Saved entries:
lemma single_step_spike_iff:
  assumes "0 < c"
  shows "c \<le> (single_step c ^^ j) x \<longleftrightarrow> c \<le> 2 ^ j * x \<and> (\<forall>i<j. 2 ^ i * x < c)"
proof (cases "\<forall>i<j. 2 ^ i * x < c")
  case True
  then show ?thesis by (simp add: single_step_before_spike)
next
  case False
  then obtain i where "i < j" "c \<le> 2 ^ i * x" "\<forall>i'<i. 2 ^ i' * x < c"
    using exists_least_iff[of "\<lambda>i. i < j \<and> c \<le> 2 ^ i * x"] by (auto simp: not_less not_le)
  then have "c \<le> (single_step c ^^ i) x" by (simp add: single_step_before_spike)
  then have "(single_step c ^^ j) x = 0" using single_step_after_spike assms \<open>i < j\<close> by blast
  then show ?thesis using False assms by simp
qed

lemma single_step_spikes_once:
  assumes "0 < c" "c \<le> 2 ^ j0 * x" "\<forall>i<j0. 2 ^ i * x < c"
  shows "{j. c \<le> (single_step c ^^ j) x} = {j0}"
proof -
  have "j = j0" if "c \<le> 2 ^ j * x" "\<forall>i<j. 2 ^ i * x < c" for j
  proof (cases j j0 rule: linorder_cases)
    case less
    then show ?thesis using assms(3) that(1) by (meson not_le)
  next
    case greater
    then show ?thesis using assms(2) that(2) by (meson not_le)
  qed
  then show ?thesis using assms single_step_spike_iff[OF assms(1)] by blast
qed

lemma floor_log2_eq_iff:
  "0 < x \<Longrightarrow> \<lfloor>log 2 x\<rfloor> = L \<longleftrightarrow> 2 powi L \<le> x \<and> x < 2 powi (L + 1)"
  by (simp add: floor_log_eq_powr_iff powr_real_of_int' powr_add power_int_add_1)

lemma single_step_silent:
  assumes "0 < c" "x < c / 2 ^ m" "j \<le> m"
  shows "\<not> c \<le> (single_step c ^^ j) x"
proof -
  have "2 ^ j * x < c"
  proof (cases "x \<le> 0")
    case True
    then have "2 ^ j * x \<le> 0" by (intro mult_nonneg_nonpos) auto
    then show ?thesis using \<open>0 < c\<close> by linarith
  next
    case False
    then have "2 ^ j * x \<le> 2 ^ m * x" using assms(3) by (simp add: mult_right_mono)
    also have "\<dots> < c" using assms(2) by (simp add: field_simps)
    finally show ?thesis .
  qed
  then show ?thesis using single_step_spike_iff[OF assms(1), of j x] by linarith
qed

lemma single_step_spikes_once_at_log:
  assumes c: "c = 2 powi emax" and "0 < x" and "\<lfloor>log 2 x\<rfloor> = emax - int j0"
  shows "{j. c \<le> (single_step c ^^ j) x} = {j0}"
proof -
  let ?L = "emax - int j0"
  have L: "2 powi ?L \<le> x" "x < 2 powi (?L + 1)"
    using floor_log2_eq_iff[OF \<open>0 < x\<close>] assms(3) by blast+
  have scale: "c = 2 ^ j0 * 2 powi ?L" by (simp add: c powi_two_diff_nat)
  also have "\<dots> \<le> 2 ^ j0 * x" using L(1) by (intro mult_left_mono) auto
  finally have lower: "c \<le> 2 ^ j0 * x" .
  have "2 ^ j0 * x < 2 ^ j0 * 2 powi (?L + 1)" using L(2) by (intro mult_strict_left_mono) auto
  also have "\<dots> = 2 * c" by (simp add: scale power_int_add_1)
  finally have upper: "2 ^ j0 * x < 2 * c" .
  have "2 ^ i * x < c" if "i < j0" for i
  proof -
    have "2 ^ Suc i * x \<le> 2 ^ j0 * x"
      using that \<open>0 < x\<close> by (intro mult_right_mono power_increasing) auto
    then show ?thesis using upper by simp
  qed
  moreover have "0 < c" by (simp add: c)
  ultimately show ?thesis using single_step_spikes_once lower by blast
qed

lemma la_single_spike_sum:
  assumes c: "c = 2 powi emax"
  shows "la_single (emax - int m) emax (max x 0) =
           (\<Sum>j | j \<le> m \<and> c \<le> (single_step c ^^ j) x. 2 powi (emax - int j))"
proof -
  let ?S = "{j. j \<le> m \<and> c \<le> (single_step c ^^ j) x}"
  define d where "d = c / 2 ^ m"
  have "0 < c" "0 < d" by (simp_all add: c d_def)
  have lo: "(2::real) powi (emax - int m) = d" and hi: "(2::real) powi (emax + 1) = 2 * c"
    by (simp_all add: c d_def powi_two_diff_nat power_int_add_1)
  consider "x < d" | "d \<le> x" "x < 2 * c" | "2 * c \<le> x" by linarith
  then show ?thesis
  proof cases
    case 1
    then have no_spike: "?S = {}" using single_step_silent[OF \<open>0 < c\<close>] by (auto simp: d_def)
    have "max x 0 < 2 powi (emax - int m)" using 1 \<open>0 < d\<close> lo by simp
    then have "la_single (emax - int m) emax (max x 0) = 0" unfolding la_single_def by (rule if_P)
    then show ?thesis unfolding no_spike sum.empty .
  next
    case 2
    then have "0 < x" using \<open>0 < d\<close> by linarith
    define L where "L = \<lfloor>log 2 x\<rfloor>"
    have L: "2 powi L \<le> x" "x < 2 powi (L + 1)"
      using floor_log2_eq_iff[OF \<open>0 < x\<close>] L_def by blast+
    have "emax - int m \<le> L"
    proof (rule ccontr)
      assume "\<not> emax - int m \<le> L"
      then have "(2::real) powi (L + 1) \<le> 2 powi (emax - int m)" by (intro power_int_increasing) auto
      then show False using L(2) 2 lo by linarith
    qed
    moreover have "L \<le> emax"
    proof (rule ccontr)
      assume "\<not> L \<le> emax"
      then have "(2::real) powi (emax + 1) \<le> 2 powi L" by (intro power_int_increasing) auto
      then show False using L(1) 2 hi by linarith
    qed
    ultimately obtain j0 where "j0 \<le> m" and L_eq: "L = emax - int j0"
      by (intro that[of "nat (emax - L)"]) auto
    have "\<lfloor>log 2 x\<rfloor> = emax - int j0" using L_def L_eq by simp
    from single_step_spikes_once_at_log[OF c \<open>0 < x\<close> this]
    have "?S = {j0}" using \<open>j0 \<le> m\<close> by auto
    moreover have "la_single (emax - int m) emax (max x 0) = 2 powi L"
      using 2 \<open>0 < x\<close> by (simp add: la_single_def lo hi flip: L_def)
    ultimately show ?thesis by (simp add: L_eq)
  next
    case 3
    then have "{j. c \<le> (single_step c ^^ j) x} = {0}"
      using \<open>0 < c\<close> by (intro single_step_spikes_once) auto
    then have spike_once: "?S = {0}" by auto
    have "d \<le> c" using \<open>0 < c\<close> by (simp add: d_def field_simps)
    then have "la_single (emax - int m) emax (max x 0) = 2 powi emax"
      using 3 \<open>0 < c\<close> by (simp add: la_single_def lo hi)
    then show ?thesis unfolding spike_once by simp
  qed
qed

→ Description of the task:
Copy every line of the data above in which the string "lower" appears.

→ Result for this task:
  finally have lower: "c \<le> 2 ^ j0 * x" .
  ultimately show ?thesis using single_step_spikes_once lower by blast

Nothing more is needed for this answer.